There are two types of people in this world: people who separate things into two categories, and people who don’t. (I am in the former group, as it happens. Which brings me to the point.) There are two types of things in this world: things that sound like what they are, and things that don’t. Flatland falls firmly into the former group, taking its place there alongside words and phrases like “jumbotron,” “salamander,” and “Macho Man Randy Savage.” Flatland is a book about a place (aka “a land”) that is, by nature, flat. It exists in two dimensions. But the precision of the title belies all of the profound insights—insights into both society and dimensions—that Edwin Abbott provides in his novella. In Flatland, men are polygons, women are points, and the “square” who writes this story runs afoul of the authorities for insisting that there really is a place that contains another, third dimension. In the land of the blind, the one-eyed man is king. And in the land of two dimensions, it’s pretty hard to understand what a “sphere” could possibly be. Geometry has never felt so alive.

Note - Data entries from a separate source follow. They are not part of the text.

(* Let $G=(V,(c_{xy})_{x,y\in V})$ be a connected weighted finite graph and $\alpha=(\alpha_x)_{x\in V}$ positive site-weights with $\min_{x\in V}\alpha_x\ge 1$. Then $\mathrm{gap}_{\rm SIP}(G,\alpha)=\mathrm{gap}_{\rm RW}(G,\alpha)$.
   Context: $G$ is a finite graph on vertex set $V$ with symmetric non-negative edge weights $c_{xy}=c_{yx}\ge0$, connected. For $k\in\mathbb N$, $\Xi_k:=\{\eta\in\mathbb N_0^V:\sum_x\eta_x=k\}$, and $\eta-\delta_x+\delta_y$ denotes moving one particle from $x$ to $y$. ${\rm SIP}_k(G,\alpha)$ is the Markov chain on $\Xi_k$ with generator $L_kf(\eta)=\sum_{x}\eta_x\sum_{y}c_{xy}(\alpha_y+\eta_y)(f(\eta-\delta_x+\delta_y)-f(\eta))$, reversible w.r.t. the probability measure $\mu_{\alpha,k}(\eta)\propto\prod_x\frac{\Gamma(\alpha_x+\eta_x)}{\Gamma(\alpha_x)\eta_x!}$; $\mathrm{gap}_k(G,\alpha)$ is the smallest nonzero eigenvalue of $-L_k$. $\mathrm{gap}_{\rm RW}(G,\alpha):=\mathrm{gap}_1(G,\alpha)$, which is the spectral gap of the random walk on $V$ with generator $A_\alpha f(x)=\sum_y c_{xy}\alpha_y(f(y)-f(x))$, and $\mathrm{gap}_{\rm SIP}(G,\alpha):=\inf_{k\ge2}\mathrm{gap}_k(G,\alpha)$. *)

theory Defs
  imports Complex_Main
begin

definition weighted_graph :: "('v::finite \<Rightarrow> 'v \<Rightarrow> real) \<Rightarrow> bool" where
  "weighted_graph c \<longleftrightarrow> (\<forall>x y. c x y = c y x) \<and> (\<forall>x y. 0 \<le> c x y)"

definition graph_connected :: "('v::finite \<Rightarrow> 'v \<Rightarrow> real) \<Rightarrow> bool" where
  "graph_connected c \<longleftrightarrow> (\<forall>x y. (x, y) \<in> {(a, b). 0 < c a b}\<^sup>*)"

Lesson learned: When a line is coming at you, it looks like a point. This is worth bearing in mind if you have infuriated any two-dimensional women recently. “Oh, what a cute little dot, and oh my God I’m being stabbed to dea—[is killed].”

images

At first glance, Misfits sounds no different from any number of other recent sci-fi projects. A young group of ne’er-do-wells are struck by lightning and develop superpowers. (“Seen it!”) And this familiar scenario is only made slightly more interesting by the fact that each of these super-powerful traits seems tied, in some way, to personality.

Then again, none of Jane Austen’s books open with an especially original concept or offer an especially original plot; instead, Jane Austen is great because her characters are so compelling, her observations so acute, and her worlds so vivid. Misfits has a different set of attributes, but the show is equally reliant on quality. Each episode operates as a complete unit, with its own themes, rhythm, and plot—but each episode also sheds light on the larger questions of the series, such as: why these kids, why now, who’s the masked man, and where are they going to hide all these dead bodies. It’s dark, it’s hilarious, it’s imaginative, and it’s on the BBC—so it’s probably coming to America before too long.

Lesson learned: Don’t ever sell your superpowers.

images

For the most part, holidays get the movies they deserve. Christmas gets melodramas; Labor Day gets blockbusters; and Groundhog Day gets forgotten—because who cares about groundhogs! (No one. Skyhogs are where it’s at.) But even though these animals are pathetic little dirt-scrabblers, and even though Mother Nature laughs at our attempts to figure out her plans, Harold Ramis still found a way to extract real meaning from this nonevent. How did he do this? Well, he modeled it after a Christmas movie, of course! After weatherman Phil (played by Bill Murray in much the same way that he had recently played Scrooge) realizes that he will be forced to repeat Groundhog Day endlessly, unless he can figure out some form of escape, he begins to try to live that day perfectly.

Lesson learned: This Bill Murray fellow has a future in comedy!